Солдаты загоготали и Саша засмеялась вместе с ними. При смехе она немного запрокидывала голову так, чтоб они видели ее шею.

Саша провела в ОГП уже двадцать дней. Первую неделю она не могла подняться с постели. В это время за ней ухаживала медсестра – настоящая, не надушенная и неразговорчивая. Сейчас подвижность мышц восстановилась. Лицо стало почти прежним, только шрам над губой остался. Саша всегда была крепкой и быстро поправилась.

Кормили здесь от души – гораздо лучше, чем в пятьдесят первом. Каждый день приносили молоко и творог – лечащий врач настаивал, что в ее состоянии это необходимо.

На второй день ей передали пахнущую духами записку. Почерк у Веры был изящный, как и все в ней.

“Саша!

Наша небольшая беседа не причинила вам ни малейшего вреда, и я б хотела, чтоб так это оставалось и впредь. Здесь никто не желает вам зла. Война скоро закончится, нам с вами нет нужды враждовать. Надеюсь, однажды вы тоже поймете это. Я стану ждать столько, сколько потребуется.

Одежду и книги я вам подобрала на свой вкус.
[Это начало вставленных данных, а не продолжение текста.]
lemma in_S_iff_odd_blocks:
  assumes x: "x \<in> words n"
  shows "x \<in> S \<longleftrightarrow> odd (card {l. l < k \<and> in_block x l})"
proof -
  have "patch y0 (\<Union>l<k. K l) x \<in> S \<longleftrightarrow> odd (card {l. l < k \<and> patch y0 (K l) x \<in> S})"
    by (rule split_planes_blocks_parity[OF disjoint K_subset _ y0 x]) (auto intro: cross_split)
  moreover have "patch y0 (\<Union>l<k. K l) x = x"
    unfolding cover using x length_y0 by (intro patch_all) (simp_all add: length_words)
  moreover have "{l. l < k \<and> patch y0 (K l) x \<in> S} = {l. l < k \<and> in_block x l}"
    using in_block_iff_patch[OF x] by blast
  ultimately show ?thesis by simp
qed

lemma in_block_parity:
  assumes x: "x \<in> words n" and l: "l < k"
  shows "x \<in> S \<longleftrightarrow> odd (card {l'. l' < k \<and> l' \<noteq> l \<and> in_block x l'} + of_bool (in_block x l))"
  using in_S_iff_odd_blocks[OF x] card_Collect_remove[OF l, of "in_block x"] by simp

lemma embed_at_words_block:
  "u \<in> words n \<Longrightarrow> l < k \<Longrightarrow> z \<in> words (card (K l)) \<Longrightarrow> embed_at u (K l) z \<in> words n"
  using embed_at_words K_subset by blast

lemma embed_at_block_list_update:
  assumes u: "u \<in> words n" and l: "l < k" and z: "z \<in> words (card (K l))" and r: "r < card (K l)"
  shows "embed_at u (K l) (z[r := a]) = (embed_at u (K l) z)[unrank (K l) r := a]"
  using embed_at_list_update[of "K l" u r z a] K_subset[OF l] u r z by (simp add: length_words)

lemma restr_MDS:
  assumes l: "l < k" shows "double_MDS_code (card (K l)) (restr l)"
  unfolding double_MDS_code_iff
proof (intro conjI ballI allI impI)
  fix z r assume z: "z \<in> words (card (K l))" and r: "r < card (K l)"
  have "unrank (K l) r < n" using unrank_mem[OF finite_K[OF l] r] K_subset[OF l] by auto
  moreover have "{a. a < 4 \<and> z[r := a] \<in> restr l} =
      {a. a < 4 \<and> (embed_at y0 (K l) z)[unrank (K l) r := a] \<in> S}"
    using list_update_words[OF z] embed_at_block_list_update[OF y0(1) l z r] by (auto simp: restr_def)
  ultimately show "line_count (restr l) z r = 2"
    using line_count_MDS[OF MDS embed_at_words_block[OF y0(1) l z]] by (simp add: line_count_def)
qed (auto simp: restr_def)

lemma restr_compl_MDS:
  assumes l: "l < k" shows "double_MDS_code (card (K l)) (restr_compl l)"
  unfolding double_MDS_code_iff
proof (intro conjI ballI allI impI)
  fix z r assume z: "z \<in> words (card (K l))" and r: "r < card (K l)"
  have "{a. a < 4 \<and> z[r := a] \<in> restr_compl l} = {a. a < 4 \<and> \<not> z[r := a] \<in> restr l}"
    using list_update_words[OF z] by (auto simp: restr_compl_def)
  moreover have "{a. a < 4 \<and> \<not> z[r := a] \<in> restr l} = {..<4} - {a. a < 4 \<and> z[r := a] \<in> restr l}"
    by auto
  then have "card {a. a < 4 \<and> \<not> z[r := a] \<in> restr l} = 4 - card {a. a < 4 \<and> z[r := a] \<in> restr l}"
    by (simp add: card_Diff_subset subset_eq)
  ultimately show "line_count (restr_compl l) z r = 2"
    using line_count_MDS[OF restr_MDS[OF l] z r] by (simp add: line_count_def)
qed (auto simp: restr_compl_def)

lemma plane_restr:
  assumes l: "l < k" and z: "z \<in> words (card (K l))" and r: "r < card (K l)" "r' < card (K l)"
  shows "plane (restr l) r r' z = plane S (unrank (K l) r) (unrank (K l) r') (embed_at y0 (K l) z)"
proof -
  have "z[r := a, r' := b] \<in> restr l \<longleftrightarrow>
        (embed_at y0 (K l) z)[unrank (K l) r := a, unrank (K l) r' := b] \<in> S" if ab: "a < 4" "b < 4" for a b
  proof -
    have w1: "z[r := a] \<in> words (card (K l))" using list_update_words[OF z ab(1)] .
    have "embed_at y0 (K l) (z[r := a, r' := b]) =
          (embed_at y0 (K l) z)[unrank (K l) r := a, unrank (K l) r' := b]"
      using embed_at_block_list_update[OF y0(1) l w1 r(2)] embed_at_block_list_update[OF y0(1) l z r(1)]
      by simp
    then show ?thesis using list_update_words[OF w1 ab(2)] by (simp add: restr_def)
  qed
  then show ?thesis by (auto simp: plane_def)
qed

lemma plane_restr_compl:
  assumes l: "l < k" and z: "z \<in> words (card (K l))"
  shows "plane (restr_compl l) r r' z = grid4 - plane (restr l) r r' z"
proof -
  have "z[r := a, r' := b] \<in> restr_compl l \<longleftrightarrow> z[r := a, r' := b] \<notin> restr l" if "a < 4" "b < 4" for a b
    using list_update_words[OF list_update_words[OF z that(1)] that(2)] by (simp add: restr_compl_def)
  then show ?thesis by (auto simp: plane_def grid4_def)
qed

lemma linked_restr_compl: "l < k \<Longrightarrow> linked (restr_compl l) (card (K l)) = linked (restr l) (card (K l))"
  by (intro ext) (simp add: linked_def split_plane_def plane_restr_compl even_rectangles_grid_Diff)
Если вам нужно что-то другое, пишите мне, я все устрою.

Вера”

Одежду ей принесли такую, какой у нее не было никогда прежде: тонкое белье, туфли на небольшом каблуке и платье, сшитое по ее мерке. Простого кроя, строгое темно-серое платье удивительно шло ей. Чулки из мягкой и нежной ткани… неужто шелк? Сколько же они должны стоить… Саша ловила себя на том, что в этой одежде ведет себя иначе: не размахивает руками при ходьбе, не садится, закинув ногу на ногу, машинально выпрямляет спину. Будто бы знание, что она теперь выглядит женственно, против воли заставило ее в самом деле стать женственнее.
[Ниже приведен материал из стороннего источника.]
locale invariant_partition =
  fixes f :: "'a \<Rightarrow> 'a" and R :: "'a \<Rightarrow> 'a \<Rightarrow> bool"
  assumes equivp: "equivp R"
    and R_f_iff: "R (f a) (f b) \<longleftrightarrow> R a b"
    and recurrent: "\<exists>k\<ge>1. R ((f ^^ k) x) x"
begin

lemma R_refl: "R a a"
  using equivp by (rule equivp_reflp)

lemma R_sym: "R a b \<Longrightarrow> R b a"
  using equivp by (rule equivp_symp)

lemma R_trans: "R a b \<Longrightarrow> R b c \<Longrightarrow> R a c"
  using equivp by (rule equivp_transp)

lemma R_funpow_iff: "R ((f ^^ n) a) ((f ^^ n) b) \<longleftrightarrow> R a b"
  by (induction n) (simp_all add: R_f_iff)

lemma R_funpow_mult:
  assumes "R ((f ^^ k) x) x"
  shows "R ((f ^^ (k * n)) x) x"
proof (induction n)
  case 0
  show ?case
    by (simp add: R_refl)
next
  case (Suc n)
  have "k * Suc n = k * n + k"
    by simp
  then have "(f ^^ (k * Suc n)) x = (f ^^ (k * n)) ((f ^^ k) x)"
    by (simp only: funpow_add_apply)
  moreover have "R ((f ^^ (k * n)) ((f ^^ k) x)) ((f ^^ (k * n)) x)"
    using assms R_funpow_iff by blast
  ultimately show ?case
    using Suc.IH R_trans by metis
qed

text \<open>f permutes the classes of R in cycles. The saturated orbit of x is the union of the cycle
  through its class; \<open>base\<close> picks a point of that cycle depending only on the cycle, \<open>period\<close> is
  the cycle length and \<open>entry_time x\<close> the position of the class of x in the cycle.\<close>
definition saturated_orbit :: "'a \<Rightarrow> 'a set" where
  "saturated_orbit x = {y. \<exists>i. R y ((f ^^ i) x)}"

lemma saturated_orbit_cong: "R x y \<Longrightarrow> saturated_orbit x = saturated_orbit y"
  unfolding saturated_orbit_def using R_funpow_iff R_sym R_trans by metis

lemma saturated_orbit_f: "saturated_orbit (f x) = saturated_orbit x"
proof (intro equalityI subsetI)
  fix y
  assume "y \<in> saturated_orbit (f x)"
  then obtain i where "R y ((f ^^ i) (f x))"
    unfolding saturated_orbit_def by blast
  then have "R y ((f ^^ Suc i) x)"
    by (simp add: funpow_swap1)
  then show "y \<in> saturated_orbit x"
    unfolding saturated_orbit_def by blast
next
  fix y
  assume "y \<in> saturated_orbit x"
  then obtain i where i: "R y ((f ^^ i) x)"
    unfolding saturated_orbit_def by blast
  obtain k where "k \<ge> 1" and k: "R ((f ^^ k) ((f ^^ i) x)) ((f ^^ i) x)"
    using recurrent by blast
  have "(f ^^ k) ((f ^^ i) x) = (f ^^ (k - 1 + i)) ((f ^^ 1) x)"
    using \<open>k \<ge> 1\<close> by (simp only: funpow_add_apply) simp
  then show "y \<in> saturated_orbit (f x)"
    unfolding saturated_orbit_def using R_trans[OF i R_sym[OF k]] by auto
qed

lemma saturated_orbit_returns:
  assumes "y \<in> saturated_orbit x"
  shows "\<exists>j. R ((f ^^ j) y) x"
proof -
  obtain i where i: "R y ((f ^^ i) x)"
    using assms unfolding saturated_orbit_def by blast
  obtain k where "k \<ge> 1" and k: "R ((f ^^ k) x) x"
    using recurrent by blast
  have "(f ^^ ((k - 1) * i)) ((f ^^ i) x) = (f ^^ (k * i)) x"
    using \<open>k \<ge> 1\<close> by (simp add: funpow_add_apply algebra_simps)
  then have "R ((f ^^ ((k - 1) * i)) y) ((f ^^ (k * i)) x)"
    using i R_funpow_iff by metis
  then show ?thesis
    using R_trans R_funpow_mult[OF k] by blast
qed

definition base :: "'a \<Rightarrow> 'a" where
  "base x = (SOME b. b \<in> saturated_orbit x)"

lemma base_mem: "base x \<in> saturated_orbit x"
proof -
  have "x \<in> saturated_orbit x"
    unfolding saturated_orbit_def using R_refl[of x] by (auto intro: exI[of _ 0])
  then show ?thesis
    unfolding base_def by (rule someI)
qed

lemma base_cong: "R x y \<Longrightarrow> base x = base y"
  unfolding base_def by (simp only: saturated_orbit_cong)

lemma base_f: "base (f x) = base x"
  unfolding base_def by (simp add: saturated_orbit_f)

definition period :: "'a \<Rightarrow> nat" where
  "period b = (LEAST k. k \<ge> 1 \<and> R ((f ^^ k) b) b)"

lemma period: "period b \<ge> 1" "R ((f ^^ period b) b) b"
  using LeastI_ex[OF recurrent[of b]] unfolding period_def by auto

lemma period_le: "k \<ge> 1 \<Longrightarrow> R ((f ^^ k) b) b \<Longrightarrow> period b \<le> k"
  unfolding period_def by (simp add: Least_le)

definition entry_time :: "'a \<Rightarrow> nat" where
  "entry_time x = (LEAST j. R ((f ^^ j) (base x)) x)"

lemma R_entry_time: "R ((f ^^ entry_time x) (base x)) x"
  unfolding entry_time_def using saturated_orbit_returns[OF base_mem] by (rule LeastI_ex)

lemma entry_time_le: "R ((f ^^ j) (base x)) x \<Longrightarrow> entry_time x \<le> j"
  unfolding entry_time_def by (rule Least_le)

lemma entry_time_cong: "R x y \<Longrightarrow> entry_time x = entry_time y"
  unfolding entry_time_def using base_cong R_sym R_trans by metis

lemma entry_time_less_period: "entry_time x < period (base x)"
proof (rule ccontr)
  define b j k where "b = base x" and "j = entry_time x" and "k = period b"
  assume "\<not> entry_time x < period (base x)"
  then have "k \<le> j"
    by (simp add: b_def j_def k_def)
  then have "(f ^^ j) b = (f ^^ (j - k)) ((f ^^ k) b)"
    by (simp add: funpow_add_apply)
  then have "R ((f ^^ (j - k)) b) ((f ^^ j) b)"
    using period(2) R_funpow_iff R_sym unfolding k_def by metis
  then have "R ((f ^^ (j - k)) b) x"
    using R_entry_time R_trans unfolding b_def j_def by blast
  then have "j \<le> j - k"
    using entry_time_le unfolding b_def j_def by blast
  then show False
    using period(1)[of b] \<open>k \<le> j\<close> unfolding k_def by linarith
qed

lemma entry_time_f:
  "entry_time (f x) = (if Suc (entry_time x) = period (base x) then 0 else Suc (entry_time x))"
proof -
  define b j where "b = base x" and "j = entry_time x"
  have b: "base (f x) = b"
    by (simp add: b_def base_f)
  have step: "R ((f ^^ Suc j) b) (f x)"
    using R_entry_time R_f_iff unfolding b_def j_def by simp
  show ?thesis
  proof (cases "Suc j = period b")
    case True
    then have "R ((f ^^ period b) b) (f x)"
      using step by simp
    then have "R b (f x)"
      using R_trans[OF R_sym[OF period(2)]] by blast
    then show ?thesis
      using entry_time_le[of 0 "f x"] True b by (simp add: b_def j_def)
  next
    case False
    then have "Suc j < period b"
      using entry_time_less_period unfolding b_def j_def by (simp add: Suc_lessI)
    have "entry_time (f x) \<noteq> 0"
    proof
      assume "entry_time (f x) = 0"
      then have "R b (f x)"
        using R_entry_time[of "f x"] b by simp
      then have "R ((f ^^ Suc j) b) b"
        using R_trans[OF step R_sym] by blast
      then have "period b \<le> Suc j"
        by (simp add: period_le)
      then show False
        using \<open>Suc j < period b\<close> by simp
    qed
    then obtain t where t: "entry_time (f x) = Suc t"
      using not0_implies_Suc by blast
    then have "R (f ((f ^^ t) b)) (f x)"
      using R_entry_time[of "f x"] b by simp
    then have "j \<le> t"
      using entry_time_le R_f_iff unfolding b_def j_def by blast
    moreover have "Suc t \<le> Suc j"
      using entry_time_le[OF step[folded b]] t by simp
    ultimately show ?thesis
      using False t by (simp add: b_def j_def)
  qed
qed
Она бы предпочла привычную солдатскую форму, в крайнем случае – тюремное платье. Неудобное и грубое, оно было все же более сообразно действительному положению вещей. Но никаких записок с просьбами Саша писать не стала.

Зато выбранные Верой книги пришлись ей по душе. Несколько переводных приключенческих романов, “Воскресение” Толстого, но главное – университетский учебник по философии. Издание другое, но тот самый курс, который она не успела дослушать три года назад.

Ей даже приносили папиросы – не те дешевые, пропахшие керосином, что курили в пятьдесят первом, а первый сорт, с фильтром. Спичек, разумеется, не выдали, но огня всегда можно было попросить у караульного.

И все же Саша ни на минуту не забывала, что живет в тюрьме. Здесь были и другие узники, Саша видела пару раз, как их вели под конвоем. Среди них были как мужчины в форме РККА, так и гражданские. Глаз они не поднимали. Встретить кого-то из товарищей по несчастью во дворе не удалось – похоже, привилегию видеть небо предоставили только ей.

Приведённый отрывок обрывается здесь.